彼が自分の所属する小さな部課から依頼されたのは、蛍雪荘という古い安普請のアパートに関する調査でした。そこは感覚と感情とを信奉するソーマの能力によって作られた結界に覆われている以外は雑多な人々が集うありきたりの建物に過ぎなかったのですが、単なるアパートに雑多な人々が訪れる理由こそがその結界にあったのです。それはモナディックと呼ばれる各勢力の持つ能力を抑え、それによってトリニティウォーの物理的な争いを抑制してここを中立地帯としようというものでした。しかし中立地帯の意図が平和的なものであったのだとすれば、その存在は物理的な争いを抑える一方で、皮肉な事にそれを幸いとして情報による争いを増大させる結果ともなりました。能力の抑制された蛍雪荘には雑多な勢力に属する人々が集まり、集まった人々から他勢力の情報を得る事を目的とした人々が集まり、そして思想が単独の勢力から外れる事を嫌う人々もまたそこに監視の目を光らせるようになりました。平凡な安普請に過ぎない蛍雪荘の小ささこそが、そこを小さいが故に取るに足りない存在として周囲に認識させ、危ういながらささやかな安寧を約束させていました。
蛍雪荘の近くに住む広樹のアパートの一室は、独身男性の住居の例に漏れず無秩序に支配されていました。それが例え理性と知性とを信奉するハルモニアの人間であったとしても、人間の本来持つ属性というものは容易には代え難いものであったでしょう。
「独身男性の部屋が汚い事が本来の属性かねえ」
自嘲的に呟きながら、広樹は頭をかくと自分の思索に戻りました。一時期とは違って企業が社員に向ける要求は必ずしも決められた時間帯に勤務する事ではなく、期待される一定の費用対効果を上げるというものでしたから、広樹に命じられた調査は厳格な枠を設けられているものではありませんでした。休日に、時には平日の午後にでもそこを訪れ、周辺を散策し内部の人間と接触する事は公的に認められた彼の仕事でした。サラリーマンの厳しさだね、とは彼自身の述懐する所でしたが、その言動から彼が自分の現状に厳しさを感じているように見える者はどこにもいませんでした。部屋の隅に鎮座している林檎箱程度の大きさの装置は、既にうずたかく積み上げられつつある雑誌やら書類やらの中に埋もれていました。ただ、近くに散らばっているノートには何らかの計算式が書かれた図面が記されていました。

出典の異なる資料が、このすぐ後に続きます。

(* Let $q$ be a prime power and $m,n$ positive integers, and set $$\Upsilon(m,n;q)=\frac{\phi(q^{mn}-1)}{mn}\, q^{m(m-1)(n-1)}\prod_{i=1}^{m-1}(q^m-q^i),$$ where $\phi$ is Euler's totient function. Then the number of primitive $\sigma$-LFSRs of order $n$ over $\mathbb{F}_{q^m}$ equals $\Upsilon(m,n;q)$ if and only if $$\left|\left\{T\in \mathrm{BCM}(m,n;q)\cap \mathrm{GL}_{mn}(\mathbb{F}_q) : o(T)=q^{mn}-1\right\}\right| = \Upsilon(m,n;q),$$ where $o(T)$ denotes the order of $T$ in the group $\mathrm{GL}_{mn}(\mathbb{F}_q)$.
   Context: Fix an $\mathbb{F}_q$-basis $\{\alpha_0,\dots,\alpha_{m-1}\}$ of $\mathbb{F}_{q^m}$ and, for $s\in\mathbb{F}_{q^m}$, let $\mathbf{s}\in\mathbb{F}_q^m$ (a row vector) be its coordinate vector. A $\sigma$-LFSR of order $n$ over $\mathbb{F}_{q^m}$ is given by an $n$-tuple $(C_0,\dots,C_{n-1})$ of $m\times m$ matrices over $\mathbb{F}_q$; given an initial state $(s_0,\dots,s_{n-1})\in\mathbb{F}_{q^m}^n$ it generates the sequence $(s_0,s_1,\dots)$ in $\mathbb{F}_{q^m}$ defined by $\mathbf{s}_{i+n}=\mathbf{s}_iC_0+\mathbf{s}_{i+1}C_1+\cdots+\mathbf{s}_{i+n-1}C_{n-1}$ for $i\ge 0$. A sequence $(s_j)$ is periodic with period $r$ if $r$ is the least positive integer with $s_{j+r}=s_j$ for all $j\ge 0$. The $\sigma$-LFSR is primitive if for every nonzero initial state the generated sequence is periodic with period $q^{mn}-1$. Two $\sigma$-LFSRs are counted as distinct when their coefficient tuples $(C_0,\dots,C_{n-1})$ differ. An $(m,n)$-block companion matrix over $\mathbb{F}_q$ is an $mn\times mn$ matrix, written in $n\times n$ blocks of size $m\times m$, whose last block column is $(C_0,C_1,\dots,C_{n-1})^{T}$ for some $C_0,\dots,C_{n-1}\in M_m(\mathbb{F}_q)$, whose block in position $(i+1,i)$ is the identity $I_m$ for $i=1,\dots,n-1$, and all of whose other blocks are zero; $\mathrm{BCM}(m,n;q)$ denotes the set of all such matrices. *)

theory Defs
  imports "Jordan_Normal_Form.Matrix" "HOL-Number_Theory.Totient"
begin
(* Consider an isotropic shift-invariant vector Volterra lattice on the sphere \[ V_{n,x}=f_nV_{n+1}+g_nV_n+h_nV_{n-1},\qquad n\in\mathbb Z, \] with $f,g,h$ scalar functions of $v_{1,0},v_{0,-1},v_{1,-1}$, $f,h\neq0$, satisfying the first integrability conditions \[ D_x(\log f)\in\operatorname{Im}(T-1),\qquad D_x(\log h)\in\operatorname{Im}(T-1). \] Then the dependence of $f,h$ on $v_{1,-1}$ is one of the following: Case 1: there are functions $a$ of one variable and $b$ of two variables such that \[ f=\frac{a(v_{0,-1})}{v_{1,-1}+b(v_{1,0},v_{0,-1})},\qquad h=-\frac{a(v_{1,0})}{v_{1,-1}+b(v_{1,0},v_{0,-1})}; \] Case 2: $f=f(v_{1,0},v_{0,-1})$ and $h=h(v_{1,0},v_{0,-1})$ do not depend on $v_{1,-1}$.
   Context: Vectors $V_n$ lie in a space with symmetric scalar product, $v_{m,n}=\langle V_m,V_n\rangle=v_{n,m}$, $v_{n,n}=1$; the $v_{m,n}$, $m>n$, are treated as independent variables (the lattice must work for any dimension and scalar product), and $v_{1,0}f+g+v_{0,-1}h=0$. $T$ is the shift $n\mapsto n+1$, $T(a(v_{m,n}))=a(v_{m+1,n+1})$, $f_n=T^n(f)$. $D_x$ is the total $x$-derivative along the lattice, $D_x(v_{m,n})=\langle V_{m,x},V_n\rangle+\langle V_m,V_{n,x}\rangle$. $\operatorname{Im}(T-1)$ denotes the set of expressions $(T-1)(\sigma)$ with $\sigma$ a function of finitely many $v_{m,n}$. *)

theory Defs
  imports "HOL-Analysis.Analysis"
begin

text \<open>An assignment of values to the scalar products: u (m,n) is the value of v_{m,n}
  (only pairs with m > n are meaningful; the v_{m,n}, m > n, are independent variables).\<close>
type_synonym assignment = "int \<times> int \<Rightarrow> real"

その日、広樹は真夏を前に熱気に覆われた昼日中に一階が精神科医になっている知人の居宅を訪れていました。
「それ、こないだのと同じ装置ね?」
艶やかな容姿をした近江小夜子の声に、広樹は曖昧な笑みを返していました。場所は心地よい空調の効いた院内ではなく、無論魅惑的な女主人が住んでいる2階にある私室である筈もなく、無愛想な室外機の置かれた屋上ではどう客観的に見ても女主人と工事業者の若い営業マン、という程度にしか見えませんでしたが。
それはハルモニアの理論に基づいてソーマやアゴーの力に干渉するエネルギー、一般にはエーテルとも呼ばれている質量の無い力学運動を発生させる装置であり、無線情報の誘導や動力の増幅にも用いられるものでしたが、先日結界に対抗してこれを無効化させようとする実験の為に広樹の部屋に設置されていました。小規模の力場程度で結界が封じられる筈もなく、その時は無論失敗に終わっていたのですが。
「あれより小型の物ですよ。まあ、あくまで実験の続きという事で」
「場所のレンタル代と使った電気代は貴方の部課に請求していいのよね?」
笑みを浮かべながら言う小夜子の言葉に苦笑しつつ肯きを返し、広樹は小さいながら無骨な装置の起動スイッチを入れました。その駆動音は隣りに置かれている室外機よりも遥かに小さなもので、小夜子の脳裏を鉢植え置きに丁度いいかもしれない、という考えが過ぎりました。
◇
その年は短い梅雨はどこかに消え去り、既に日差しの強い夏空が度々見られる時期になっていました。例え蒸し暑い梅雨の雨であっても水が無ければそれを欲するのは人として当然の衝動であり、水天宮碧瀬は蛍雪荘の安普請にある図書室で、深守咲螺の羽織っている季節にそぐわないコートに視線を向けつつ大友興一に話し掛けていました。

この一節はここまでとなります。